Wednesday, June 10, 2009

Funky Cops: Jimmy J. Aquino's Lacuna Matata, Part 5

The Funky Cops look like Jay Leno fucked Disco Stu.
"Lacuna Matata" concludes--for now--with another recollection of a show barely anybody remembers.

This time, the subject of this "Lacuna Matata" installment isn't exactly a classic or a buried treasure worth digging for. Remember this curio from a few years ago?

Their weapon of choice must be a bop gun.

Funky Cops was a bawdy, Austin Powers-style French cartoon show about a pair of disco-dancing '70s San Francisco cops with scary-looking Jay Leno chins that I caught a few times on Fox's Saturday morning schedule in 2003. It was apparently big in France, and it spawned two volumes of not-so-bad original music from the show. The Brand New Heavies-esque tunes are easily the best part of Funky Cops.
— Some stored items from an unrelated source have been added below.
lemma root_ratio_eqD:
  assumes "0 \<le> d" "0 \<le> d'" "root_ratio k d = root_ratio k d'" "d \<le> real k \<longleftrightarrow> d' \<le> real k"
  shows "d = d'"
proof (rule ccontr)
  assume "d \<noteq> d'"
  then show False
    using assms root_ratio_strict_mono_below[of d d'] root_ratio_strict_mono_below[of d' d]
      root_ratio_strict_antimono_above[of d d'] root_ratio_strict_antimono_above[of d' d]
    by (cases "d < d'"; cases "d \<le> real k") auto
qed

lemma root_ratio_attains_below:
  assumes "0 < v" "v < root_ratio k (real k)"
  obtains d where "0 < d" "d < real k" "root_ratio k d = v"
proof -
  have "root_ratio k 0 = 0"
    using hk by (simp add: root_ratio_def)
  then obtain d where "0 \<le> d" "d \<le> real k" "root_ratio k d = v"
    using IVT'[of "root_ratio k" 0 v "real k"] continuous_on_root_ratio[of 0 "real k"] assms by auto
  moreover have "d \<noteq> 0" "d \<noteq> real k"
    using assms \<open>root_ratio k 0 = 0\<close> calculation(3) by auto
  ultimately have "0 < d" "d < real k" "root_ratio k d = v"
    by simp_all
  with that show ?thesis
    by blast
qed

lemma root_ratio_attains_above:
  assumes v: "0 < v" "v < root_ratio k (real k)"
  obtains d where "real k < d" "root_ratio k d = v"
proof -
  define B where "B = max (real k + 1) (1 / v)"
  have B: "B > real k" "B > 0"
    by (auto simp: B_def intro: le_less_trans[OF of_nat_0_le_iff])
  have "root_ratio k B \<le> 1 / (B + 1)"
    using root_ratio_le B by simp
  also have "\<dots> < v"
    using v B by (simp add: B_def field_simps max_def split: if_splits)
  finally obtain d where "real k \<le> d" "d \<le> B" "root_ratio k d = v"
    using IVT2'[of "root_ratio k" B v "real k"] continuous_on_root_ratio[of "real k" B] v B by auto
  moreover have "d \<noteq> real k"
    using v calculation(3) by auto
  ultimately have "real k < d" "root_ratio k d = v"
    by simp_all
  with that show ?thesis
    by blast
qed

lemma two_positive_roots:
  assumes lam: "0 < lam" "lam < C * root_ratio k (real k)" and C: "C > 0"
  obtains dm dp where "0 < dm" "dm < dp"
    and "{d. d > 0 \<and> lam * (d + 1) ^ (k + 1) - C * d ^ k = 0} = {dm, dp}"
proof -
  have v: "0 < lam / C" "lam / C < root_ratio k (real k)"
    using lam C by (auto simp: field_simps)
  obtain dm where dm: "0 < dm" "dm < real k" "root_ratio k dm = lam / C"
    using root_ratio_attains_below[OF v] by blast
  obtain dp where dp: "real k < dp" "root_ratio k dp = lam / C"
    using root_ratio_attains_above[OF v] by blast
  have "{d. d > 0 \<and> C * root_ratio k d = lam} = {dm, dp}"
  proof (intro set_eqI iffI)
    fix d
    assume "d \<in> {d. d > 0 \<and> C * root_ratio k d = lam}"
    then have "d > 0" "root_ratio k d = lam / C"
      using C by (auto simp: field_simps)
    then show "d \<in> {dm, dp}"
      using root_ratio_eqD[of d dm] root_ratio_eqD[of d dp] dm dp by (cases "d \<le> real k") auto
  qed (use dm dp C hk in \<open>auto simp: field_simps\<close>)
  then have roots: "{d. d > 0 \<and> lam * (d + 1) ^ (k + 1) - C * d ^ k = 0} = {dm, dp}"
    unfolding positive_roots_eq .
  show ?thesis
    by (rule that[OF _ _ roots]) (use dm dp in auto)
qed

lemma one_positive_root:
  assumes "C > 0"
  shows "{d. d > 0 \<and> C * root_ratio k (real k) * (d + 1) ^ (k + 1) - C * d ^ k = 0} = {real k}"
proof -
  have "C * root_ratio k d = C * root_ratio k (real k) \<longleftrightarrow> d = real k" if "d > 0" for d
    using assms root_ratio_less_max[of d] that by (cases "d = real k") auto
  then show ?thesis
    unfolding positive_roots_eq using hk by auto
qed

end

section \<open>Classification of the radial solutions\<close>

lemma radial_ode_bliss_profile:
  assumes hk: "1 \<le> k" and hn: "2 * k < CARD('n::finite)" and lam: "lam > 0" and d: "d > 0"
  defines "c \<equiv> bliss_amp CARD('n) k lam d" and "m \<equiv> bliss_exp CARD('n) k"
  shows "\<exists>\<psi>' \<psi>''. radial_ode CARD('n) k lam (qstar TYPE('n) k) (\<lambda>t. 1 - c * (1 + d * t\<^sup>2) powr (- m)) \<psi>' \<psi>''"
proof (rule radial_ode_of_radial[OF hk])
  let ?U = "bliss_profile k c d :: real^'n \<Rightarrow> real"
  have c: "c > 0" and m: "m > 0"
    using bliss_amp_pos[OF hk hn lam d] bliss_exp_pos[OF hk hn] by (simp_all add: c_def m_def)
  show "C2_on (ball 0 1) ?U" "\<forall>x\<in>ball 0 1. S_k k (hessian ?U x) = lam * (1 - ?U x) powr qstar TYPE('n) k"
    using C2_on_bliss_profile[OF hk hn lam d] S_k_hessian_bliss_profile_eq[OF hk hn lam d] by (simp_all add: c_def)
  show "continuous_on (cball 0 1) ?U"
    using hessian_bliss_profile(1)[OF d]
    by (intro continuous_at_imp_continuous_on ballI differentiable_imp_continuous_within)
  show "\<forall>x\<in>cball 0 1. ?U x = 1 - c * (1 + d * (norm x)\<^sup>2) powr (- m)"
    by (simp add: bliss_profile_radial m_def)
  have "1 + d * t\<^sup>2 \<noteq> 0" for t
    using d by (metis add_pos_nonneg less_irrefl mult_nonneg_nonneg zero_le_power2 zero_less_one less_imp_le)
  then show "\<forall>t\<in>{0..1}. 1 - c * (1 + d * t\<^sup>2) powr (- m) < 1"
    using c by simp
  have "(1 + d) powr (- m) < 1 powr (- m)"
    using m d by (intro powr_less_mono2_neg) auto
  then show "1 - c * (1 + d * 0\<^sup>2) powr (- m) < 1 - c * (1 + d * 1\<^sup>2) powr (- m)"
    using c by simp
qed

lemma radial_solution_profile:
  fixes u :: "real^'n::finite \<Rightarrow> real"
  assumes sol: "is_solution k lam u" and u: "\<forall>x\<in>cball 0 1. u x = \<phi> (norm x)"
  shows "\<phi> 0 < 0" "\<phi> 1 = 0" "\<forall>t\<in>{0..1}. \<phi> t < 1"
proof -
  obtain e :: "real^'n" where e: "norm e = 1"
    using vector_choose_size[of 1] by auto
  have \<phi>_eq: "\<phi> t = u (t *\<^sub>R e)" if "t \<in> {0..1}" for t
    using u that e by auto
  have neg: "\<forall>x\<in>ball 0 1. u x < 0" and bdry: "\<forall>x\<in>sphere 0 1. u x = 0"
    using sol unfolding is_solution_def by auto
  show "\<phi> 0 < 0"
    using \<phi>_eq[of 0] neg by simp
  show \<phi>1: "\<phi> 1 = 0"
    using \<phi>_eq[of 1] bdry e by simp
  show "\<forall>t\<in>{0..1}. \<phi> t < 1"
  proof
    fix t :: real
    assume t: "t \<in> {0..1}"
    show "\<phi> t < 1"
    proof (cases "t = 1")
      case False
      then have "t *\<^sub>R e \<in> ball 0 1"
        using t e by simp
      then show ?thesis
        using \<phi>_eq[OF t] neg by fastforce
    qed (simp add: \<phi>1)
  qed
qed

text \<open>A radial solution and the Bliss profile with the same value at the origin solve the same
  singular initial value problem, hence coincide; the boundary condition then says that \<open>d\<close> is a
  root.\<close>
lemma radial_solution_eq_bliss_profile:
  fixes u :: "real^'n::finite \<Rightarrow> real"
  assumes hk: "1 \<le> k" and hn: "2 * k < CARD('n)" and lam: "lam > 0"
    and sol: "is_solution k lam u" and rad: "radial u"
  obtains d where "d > 0"
    and "lam * (d + 1) ^ (k + 1) - real (CARD('n) choose k) * ((real CARD('n) - 2 * real k) / real k) ^ k * d ^ k = 0"
    and "\<forall>x\<in>cball 0 1. u x = bliss_profile k (bliss_amp CARD('n) k lam d) d x"
proof -
  obtain \<phi> where \<phi>: "\<forall>x\<in>cball 0 1. u x = \<phi> (norm x)"
    using rad unfolding radial_def by blast
  note \<phi>0 = radial_solution_profile(1)[OF sol \<phi>] and \<phi>1 = radial_solution_profile(2)[OF sol \<phi>]
    and lt1 = radial_solution_profile(3)[OF sol \<phi>]
  have C2: "C2_on (ball 0 1) u" and cont: "continuous_on (cball 0 1) u"
    and eq: "\<forall>x\<in>ball 0 1. S_k k (hessian u x) = lam * (1 - u x) powr qstar TYPE('n) k"
    using sol unfolding is_solution_def by auto
  obtain \<phi>' \<phi>'' where ode_\<phi>: "radial_ode CARD('n) k lam (qstar TYPE('n) k) \<phi> \<phi>' \<phi>''"
    using radial_ode_of_radial[OF hk C2 cont eq \<phi> lt1] \<phi>0 \<phi>1 by auto
  obtain d where d: "d > 0" "bliss_amp CARD('n) k lam d = 1 - \<phi> 0"
    using bliss_amp_surj[OF hk hn lam, of "1 - \<phi> 0"] \<phi>0 by auto
  let ?U = "bliss_profile k (bliss_amp CARD('n) k lam d) d :: real^'n \<Rightarrow> real"
  define \<psi> where "\<psi> t = 1 - bliss_amp CARD('n) k lam d * (1 + d * t\<^sup>2) powr (- bliss_exp CARD('n) k)" for t
  obtain \<psi>' \<psi>'' where ode_\<psi>: "radial_ode CARD('n) k lam (qstar TYPE('n) k) \<psi> \<psi>' \<psi>''"
    using radial_ode_bliss_profile[OF hk hn lam d(1)] unfolding \<psi>_def by blast
  have "qstar TYPE('n) k \<ge> 0"
    using crit_exp_minus_k_pos[OF hk hn] by (simp add: qstar_def crit_exp_def)
  then have "\<forall>t\<in>{0..1}. \<phi> t = \<psi> t"
    using hn d(2) by (intro radial_ode_unique[OF ode_\<phi> ode_\<psi> hk _ lam]) (simp_all add: \<psi>_def)
  then have u_eq: "\<forall>x\<in>cball 0 1. u x = ?U x"
    using \<phi> by (simp add: bliss_profile_radial \<psi>_def)
  moreover have "\<forall>x\<in>sphere 0 1. u x = 0"
    using sol unfolding is_solution_def by blast
  ultimately have "\<forall>x\<in>sphere 0 1. ?U x = 0"
    by auto
  then show ?thesis
    using that d(1) u_eq bliss_profile_boundary_iff[OF hk hn lam d(1)] by blast
qed

lemma bliss_sol_eq_ratio_powr:
  fixes x :: "real^'n::finite"
  assumes lam: "lam > 0" and d: "d > 0"
    and amp: "bliss_amp CARD('n) k lam d = (1 + d) powr bliss_exp CARD('n) k"
  shows "bliss_sol k lam d x = 1 - ((1 + d) / (1 + d * (norm x)\<^sup>2)) powr bliss_exp CARD('n) k"
proof -
  have "1 + d * (norm x)\<^sup>2 > 0"
    using d by (simp add: add_pos_nonneg)
  then show ?thesis
    using d by (simp add: bliss_sol_eq_bliss_profile[OF lam] bliss_profile_radial amp powr_minus_divide
        powr_divide)
qed

lemma is_solution_bliss_sol:
  assumes hk: "1 \<le> k" and hn: "2 * k < CARD('n::finite)" and lam: "lam > 0" and d: "d > 0"
    and root: "lam * (d + 1) ^ (k + 1) - real (CARD('n) choose k) * ((real CARD('n) - 2 * real k) / real k) ^ k * d ^ k = 0"
  shows "is_solution k lam (bliss_sol k lam d :: real^'n \<Rightarrow> real) \<and> radial (bliss_sol k lam d :: real^'n \<Rightarrow> real)"
  using is_solution_bliss_profile[OF hk hn lam d root] by (simp add: bliss_sol_eq_bliss_profile[OF lam])

lemma radial_solution_eq_bliss_sol:
  fixes u :: "real^'n::finite \<Rightarrow> real"
  assumes hk: "1 \<le> k" and hn: "2 * k < CARD('n)" and lam: "lam > 0"
    and "is_solution k lam u" "radial u"
  obtains d where "d \<in> {d. d > 0 \<and> lam * (d + 1) ^ (k + 1)
      - real (CARD('n) choose k) * ((real CARD('n) - 2 * real k) / real k) ^ k * d ^ k = 0}"
    and "\<forall>x\<in>cball 0 1. u x = bliss_sol k lam d x"
proof -
  obtain d where "d > 0"
    and "lam * (d + 1) ^ (k + 1) - real (CARD('n) choose k) * ((real CARD('n) - 2 * real k) / real k) ^ k * d ^ k = 0"
    and "\<forall>x\<in>cball 0 1. u x = bliss_profile k (bliss_amp CARD('n) k lam d) d x"
    using radial_solution_eq_bliss_profile[OF assms] .
  then show ?thesis
    using that by (simp add: bliss_sol_eq_bliss_profile[OF lam])
qed

lemma mustar_eq_root_ratio:
  "mustar TYPE('n::finite) k
     = real (CARD('n) choose k) * ((real CARD('n) - 2 * real k) / real k) ^ k * root_ratio k (real k)"
  by (simp add: mustar_def root_ratio_def)

lemma two_radial_solutions_below_mustar:
  assumes hk: "1 \<le> k" and hn: "2 * k < CARD('n::finite)" and lam: "0 < lam" "lam < mustar TYPE('n) k"
  shows "\<exists>dm dp. 0 < dm \<and> dm < dp \<and>
           {d. d > 0 \<and> lam * (d + 1) ^ (k + 1)
              - real (CARD('n) choose k) * ((real CARD('n) - 2 * real k) / real k) ^ k * d ^ k = 0}
            = {dm, dp} \<and>
           is_solution k lam (bliss_sol k lam dm :: real^'n \<Rightarrow> real) \<and> radial (bliss_sol k lam dm :: real^'n \<Rightarrow> real) \<and>
           is_solution k lam (bliss_sol k lam dp :: real^'n \<Rightarrow> real) \<and> radial (bliss_sol k lam dp :: real^'n \<Rightarrow> real) \<and>
           (\<exists>x::real^'n\<in>ball 0 1. bliss_sol k lam dm x \<noteq> bliss_sol k lam dp x) \<and>
           (\<forall>u::real^'n \<Rightarrow> real. is_solution k lam u \<and> radial u \<longrightarrow>
              (\<forall>x\<in>cball 0 1. u x = bliss_sol k lam dm x) \<or> (\<forall>x\<in>cball 0 1. u x = bliss_sol k lam dp x))"
proof -
  let ?C = "real (CARD('n) choose k) * ((real CARD('n) - 2 * real k) / real k) ^ k"
  have C: "?C > 0"
    using hk hn by simp
  have "lam < ?C * root_ratio k (real k)"
    using lam(2) by (simp add: mustar_eq_root_ratio)
  then obtain dm dp where dmp: "0 < dm" "dm < dp"
    and roots: "{d. d > 0 \<and> lam * (d + 1) ^ (k + 1) - ?C * d ^ k = 0} = {dm, dp}"
    using two_positive_roots[OF hk lam(1) _ C] by blast
  have "bliss_sol k lam dm (0::real^'n) \<noteq> bliss_sol k lam dp (0::real^'n)"
    using bliss_amp_strict_mono[OF hk hn lam(1) dmp]
    by (simp add: bliss_sol_eq_bliss_profile[OF lam(1)] bliss_profile_def)
  then have distinct: "\<exists>x::real^'n\<in>ball 0 1. bliss_sol k lam dm x \<noteq> bliss_sol k lam dp x"
    by (intro bexI[of _ 0]) auto
  have unique: "(\<forall>x\<in>cball 0 1. u x = bliss_sol k lam dm x) \<or> (\<forall>x\<in>cball 0 1. u x = bliss_sol k lam dp x)"
    if sol: "is_solution k lam u" and rad: "radial (u :: real^'n \<Rightarrow> real)" for u
  proof -
    obtain d where "d \<in> {d. d > 0 \<and> lam * (d + 1) ^ (k + 1) - ?C * d ^ k = 0}"
      and u: "\<forall>x\<in>cball 0 1. u x = bliss_sol k lam d x"
      using radial_solution_eq_bliss_sol[OF hk hn lam(1) sol rad] .
    then have "d \<in> {dm, dp}"
      unfolding roots by blast
    then show ?thesis
      using u by auto
  qed
  have "lam * (d + 1) ^ (k + 1) - ?C * d ^ k = 0" if "d \<in> {dm, dp}" for d
    using that unfolding roots[symmetric] by blast
  then have sol: "is_solution k lam (bliss_sol k lam d :: real^'n \<Rightarrow> real)"
    "radial (bliss_sol k lam d :: real^'n \<Rightarrow> real)" if "d \<in> {dm, dp}" for d
    using that dmp is_solution_bliss_sol[OF hk hn lam(1)] by auto
  show ?thesis
  proof (rule exI[of _ dm], rule exI[of _ dp], intro conjI)
    show "\<forall>u::real^'n \<Rightarrow> real. is_solution k lam u \<and> radial u \<longrightarrow>
        (\<forall>x\<in>cball 0 1. u x = bliss_sol k lam dm x) \<or> (\<forall>x\<in>cball 0 1. u x = bliss_sol k lam dp x)"
      using unique by blast
  qed (use dmp roots distinct sol in simp_all)
qed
I can't say I liked Funky Cops. For the disco sequences--I think each Funky Cops episode was 80 percent disco sequences, 20 percent cop show stuff--the animators took CGI animations of the cops' dance moves and rotoscoped them, and the cels and robotic character movements in those sequences looked rather creepy and ugly (most rotoscoped cartoons look terrible, and Funky Cops was no exception). Also, the show was very French, like how The Fifth Element is a very French sci-fi movie.

If you rode a blimp from San Francisco to Oakland in the '70s, you could see Dennis Richmond's Afro from above.
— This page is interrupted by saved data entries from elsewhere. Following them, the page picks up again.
text \<open>In terms of the flux \<open>\<phi> k\<close>, the mixed pair is the convex combination of the two given
  pairs: \<open>\<phi>3 k3 = t \<phi>1 k1 + (1 - t) \<phi>2 k2\<close>. The invariance equation is linear in the flux, so it
  passes to the mixture. The integrand of \<open>H_f\<close> is \<open>\<phi> \<Sum>z. h (k z)\<close> with
  \<open>h x = x (F - ln (x / \<pi>))\<close>, and concavity of \<open>h\<close> (the log-sum inequality) makes the integrand of
  the mixture dominate the convex combination of the two integrands. These integrands may take the
  value \<open>-\<infinity>\<close> but never \<open>\<infinity>\<close>, and their positive parts are integrable, so the pointwise
  inequality survives integrating positive and negative parts separately.\<close>

section \<open>The entropy density\<close>

definition entropy_term_real :: "real \<Rightarrow> real \<Rightarrow> real \<Rightarrow> real" where
  "entropy_term_real k p F = (if k = 0 then 0 else k * (F - ln (k / p)))"

definition entropy_term :: "real \<Rightarrow> real \<Rightarrow> real \<Rightarrow> ereal" where
  "entropy_term k p F = (if k \<noteq> 0 \<and> p = 0 then - \<infinity> else ereal (entropy_term_real k p F))"

lemma H_term_eq_entropy_term: "H_term \<omega> z f k = entropy_term (k \<omega> z) (\<omega> 0 z) (f \<omega> z)"
  by (simp add: H_term_def entropy_term_def entropy_term_real_def)

lemma mult_ln_div_le:
  fixes p r :: real
  assumes "0 \<le> p" "0 < r"
  shows "p * ln (r / p) \<le> r - p"
proof (cases "p = 0")
  case False
  then have "p > 0" using assms(1) by simp
  moreover have "ln (r / p) \<le> r / p - 1" using assms \<open>p > 0\<close> by (intro ln_le_minus_one) simp
  ultimately have "p * ln (r / p) \<le> p * (r / p - 1)" by (intro mult_left_mono) auto
  also have "\<dots> = r - p" using \<open>p > 0\<close> by (simp add: algebra_simps)
  finally show ?thesis .
qed (use assms in simp)

lemma entropy_term_real_concave:
  fixes p q \<pi> F \<gamma> :: real
  assumes "0 < \<pi>" "0 \<le> p" "0 \<le> q" "0 \<le> \<gamma>" "\<gamma> \<le> 1"
  shows "\<gamma> * entropy_term_real p \<pi> F + (1 - \<gamma>) * entropy_term_real q \<pi> F
     \<le> entropy_term_real (\<gamma> * p + (1 - \<gamma>) * q) \<pi> F"
proof -
  define r where "r = \<gamma> * p + (1 - \<gamma>) * q"
  have nonneg: "0 \<le> \<gamma> * p" "0 \<le> (1 - \<gamma>) * q" using assms by auto
  show ?thesis
  proof (cases "r = 0")
    case True
    then have "\<gamma> * p = 0" "(1 - \<gamma>) * q = 0" using nonneg r_def by linarith+
    then show ?thesis using True unfolding r_def by (auto simp: entropy_term_real_def)
  next
    case False
    then have "0 < r" using nonneg r_def by linarith
    define X where "X = F - ln (r / \<pi>)"
    have split: "entropy_term_real x \<pi> F = x * X + x * ln (r / x)" if "0 \<le> x" for x
      using that \<open>0 < r\<close> assms(1) unfolding X_def
      by (cases "x = 0") (auto simp: entropy_term_real_def ln_div algebra_simps)
    have "\<gamma> * entropy_term_real p \<pi> F + (1 - \<gamma>) * entropy_term_real q \<pi> F
        = r * X + (\<gamma> * (p * ln (r / p)) + (1 - \<gamma>) * (q * ln (r / q)))"
      using assms by (simp add: split r_def algebra_simps)
    also have "\<dots> \<le> r * X + (\<gamma> * (r - p) + (1 - \<gamma>) * (r - q))"
      using assms \<open>0 < r\<close> by (intro add_left_mono add_mono mult_left_mono mult_ln_div_le) auto
    also have "\<dots> = entropy_term_real r \<pi> F"
      using split[of r] \<open>0 < r\<close> by (simp add: r_def algebra_simps)
    finally show ?thesis unfolding r_def .
  qed
qed

lemma entropy_term_le:
  assumes "0 \<le> k" "k \<le> 1" "0 \<le> p" "p \<le> 1" "\<bar>F\<bar> \<le> C"
  shows "entropy_term k p F \<le> ereal (C + 1)"
proof (cases "k = 0 \<or> p = 0")
  case True
  then show ?thesis using assms(5) by (auto simp: entropy_term_def entropy_term_real_def)
next
  case False
  then have "0 < k" "0 < p" using assms by auto
  have "k * F \<le> C"
    using assms mult_mono[of k 1 "\<bar>F\<bar>" C] abs_ge_self[of "k * F"] by (simp add: abs_mult)
  moreover have "k * ln (p / k) \<le> p - k" using \<open>0 < k\<close> \<open>0 < p\<close> by (intro mult_ln_div_le) auto
  moreover have "ln (k / p) = - ln (p / k)" using \<open>0 < k\<close> \<open>0 < p\<close> by (simp add: ln_div)
  ultimately show ?thesis using False assms by (simp add: entropy_term_def entropy_term_real_def algebra_simps)
qed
One of the reasons why I checked out Funky Cops was because I wanted to see what San Francisco looks like to French animators. The show's constant shots of cars leaping over hills indicated that the Frenchmen did their homework by watching the Bullitt car chase--and that's about it. Aside from the hills and the glimpses of Chinatown, the Transamerica Pyramid and the Golden Gate Bridge, Sucka Free looked more like the nondescript city where Penny took care of her mentally challenged Uncle Gadget than the Sucka Free I know.

Another thing that made Funky Cops an interesting curio was its bawdiness, which showed how much Saturday morning network TV standards had loosened since the days when Rev. Donald Wildmon's theory about Mighty Mouse being a cokehead forced Ralph Bakshi to trim some footage from Mighty Mouse: The New Adventures. The standards changed probably because animated Saturday morning TV was slowly dying and nobody gave a shit anymore.
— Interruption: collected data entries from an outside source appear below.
lemma saturated_realizes_chain_Union:
  assumes sat: "saturated L M \<kappa>" and \<kappa>: "Card_order \<kappa>" "infinite (Field \<kappa>)"
    and chain: "chain\<^sub>\<subseteq> \<A>" "\<A> \<noteq> {}"
    and small: "|\<A>| <o \<kappa>" "\<And>B. B \<in> \<A> \<Longrightarrow> B \<subseteq> dom M \<and> |B| <o \<kappa>"
    and tp: "is_type_over L M (\<Union>\<A>) p"
  shows "\<exists>x. realizes M x p"
proof -
  have "\<exists>b. realizes M b (p \<inter> over L B)" if "B \<in> \<A>" for B
    using saturatedD[OF sat _ _ is_type_over_restrict[OF tp]] small(2)[OF that] by blast
  then obtain b where b: "\<And>B. B \<in> \<A> \<Longrightarrow> realizes M (b B) (p \<inter> over L B)"
    by metis
  have "\<exists>y\<in>dom M. (\<forall>x\<in>b ` {C \<in> \<A>. B \<subseteq> C}. eval M (asg x y) \<psi>) \<and>
      (\<forall>x\<in>dom M. eval M (asg x y) \<psi> \<longrightarrow> realizes M x (p \<inter> over L B))" if B: "B \<in> \<A>" for B
  proof (rule saturated_code_of_realizers[OF sat \<kappa>])
    show "B \<subseteq> dom M" "|B| <o \<kappa>"
      using small(2)[OF B] by auto
    show "p \<inter> over L B \<subseteq> over L B"
      by blast
    show "b ` {C \<in> \<A>. B \<subseteq> C} \<subseteq> dom M"
      using b unfolding realizes_def by blast
    have "{C \<in> \<A>. B \<subseteq> C} \<subseteq> \<A>"
      by blast
    from ordLeq_transitive[OF card_of_image card_of_mono1[OF this]]
    show "|b ` {C \<in> \<A>. B \<subseteq> C}| <o \<kappa>"
      using small(1) by (rule ordLeq_ordLess_trans)
  next
    fix x assume "x \<in> b ` {C \<in> \<A>. B \<subseteq> C}"
    then obtain C where "C \<in> \<A>" "B \<subseteq> C" "x = b C"
      by blast
    then show "realizes M x (p \<inter> over L B)"
      using realizes_subset[OF b[of C]] over_mono[of B C L] by blast
  qed
  then obtain y where y: "\<And>B. B \<in> \<A> \<Longrightarrow> y B \<in> dom M \<and>
      (\<forall>x\<in>b ` {C \<in> \<A>. B \<subseteq> C}. eval M (asg x (y B)) \<psi>) \<and>
      (\<forall>x\<in>dom M. eval M (asg x (y B)) \<psi> \<longrightarrow> realizes M x (p \<inter> over L B))"
    by metis
  then have y_dom: "\<And>B. B \<in> \<A> \<Longrightarrow> y B \<in> dom M"
    and y_contains: "\<And>B C. B \<in> \<A> \<Longrightarrow> C \<in> \<A> \<Longrightarrow> B \<subseteq> C \<Longrightarrow> eval M (asg (b C) (y B)) \<psi>"
    and y_realizes: "\<And>B x. B \<in> \<A> \<Longrightarrow> x \<in> dom M \<Longrightarrow> eval M (asg x (y B)) \<psi> \<Longrightarrow>
      realizes M x (p \<inter> over L B)"
    by blast+
  have "\<exists>x\<in>dom M. \<forall>z\<in>y ` \<A>. eval M (asg x z) \<psi>"
  proof (rule saturated_common_solution[OF sat fwf_code])
    show "y ` \<A> \<subseteq> dom M"
      using y_dom by blast
    show "|y ` \<A>| <o \<kappa>"
      using ordLeq_ordLess_trans[OF card_of_image small(1)] .
    fix F assume "finite F" "F \<subseteq> y ` \<A>"
    then obtain \<C> where \<C>: "\<C> \<subseteq> \<A>" "finite \<C>" "F = y ` \<C>"
      by (metis finite_subset_image)
    then obtain D where D: "D \<in> \<A>" "\<forall>C\<in>\<C>. C \<subseteq> D"
      using chain_subset_finite_bound[OF chain \<C>(2,1)] by blast
    have "b D \<in> dom M"
      using b[OF D(1)] unfolding realizes_def by blast
    moreover have "\<forall>z\<in>F. eval M (asg (b D) z) \<psi>"
      using y_contains D \<C> by blast
    ultimately show "\<exists>x\<in>dom M. \<forall>z\<in>F. eval M (asg x z) \<psi>"
      by blast
  qed
  then obtain x where x: "x \<in> dom M" "\<And>B. B \<in> \<A> \<Longrightarrow> realizes M x (p \<inter> over L B)"
    using y_realizes by blast
  moreover have "p \<subseteq> over L (\<Union>\<A>)"
    using tp unfolding is_type_over_def by blast
  ultimately show ?thesis
    using realizes_chain_Union[OF chain] by blast
qed

lemma saturated_cardSuc_if_singular:
  assumes sing: "singular_cardinal \<kappa>" and sat: "saturated L M \<kappa>"
  shows "saturated L M (cardSuc \<kappa>)"
  unfolding saturated_def
proof (intro allI impI, elim conjE)
  fix A p assume A: "A \<subseteq> dom M" "|A| <o cardSuc \<kappa>" and tp: "is_type_over L M A p"
  have \<kappa>: "Card_order \<kappa>" "infinite (Field \<kappa>)"
    using sing unfolding singular_cardinal_def by auto
  have "|A| \<le>o \<kappa>"
    using A(2) cardSuc_ordLeq_ordLess[OF \<kappa>(1) card_of_Card_order] by blast
  then obtain \<A> where \<A>: "\<Union>\<A> = A" "chain\<^sub>\<subseteq> \<A>" "\<A> \<noteq> {}" "|\<A>| <o \<kappa>"
    "\<And>B. B \<in> \<A> \<Longrightarrow> |B| <o \<kappa>"
    using singular_cardinal_chain_cover[OF sing] by metis
  have "\<And>B. B \<in> \<A> \<Longrightarrow> B \<subseteq> dom M \<and> |B| <o \<kappa>"
    using \<A>(1,5) A(1) by blast
  then show "\<exists>b. realizes M b p"
    using saturated_realizes_chain_Union[OF sat \<kappa> \<A>(2,3,4)] tp \<A>(1) by blast
qed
Funky Cops' sexualized character designs were clearly inspired by Austin Powers. The show's creators, Christophe and Benoit Di Sabatino, even ripped off the white Funky Cop's thatch of chest hair from Austin. The bawdiness was one of several elements fpsmagazine.com contributor Terrence Briggs criticized on the rec.arts.animation newsgroup:
The character designs are grotesque, featuring overly sculpted arms, huge chins, and triangular female breasts (of which you'll see plenty on this show). The Elvis lookalike has a grin that takes up most of his face. The black dude, on the other hand, has no lips and rarely shows his teeth, while his chin and Afro duke it out for ownership of his head. Their black supervisor has HUGE lips...

The musical score pays homage to far better R&B from the era. Unfortunately, the lyrics and vocal performances are embarassing, and they're always used over the silent scenes. The theme song, however, is catchy and well-produced...

And the writing doesn't save the day. Scripts often feature lame comedy (bad singing, ironic sentiments about how awesome and timeless disco is, slacking on the job) and tired plot devices (Could the episodic female dancer who has stolen Ace's heart be the episodic jewel thief?).
Funky Cops made me think I could create a funnier '70s cop show spoof than the Di Sabatino brothers' animated series, so in 2003, I tried to write a comedic screenplay called Timegroove, about a present-day Filipino American cop who gets sent back in time to 1977. I typed up a complete treatment, a full list of '70s tracks I wanted to use (like "Skin Tight" by Ohio Players and "In the City" by the Jam) and a screenplay that only went as far as 11 pages. Except for a cameo I wrote for legendary, now-retired KTVU anchorman Dennis Richmond and a gag involving an argument about who sang "Back Stabbers" that escalates into a fistfight, my unfinished Timegroove screenplay isn't very good. Three years later, BBC's Life on Mars premiered and was such a clever '70s cop show homage that I decided the world didn't need another one.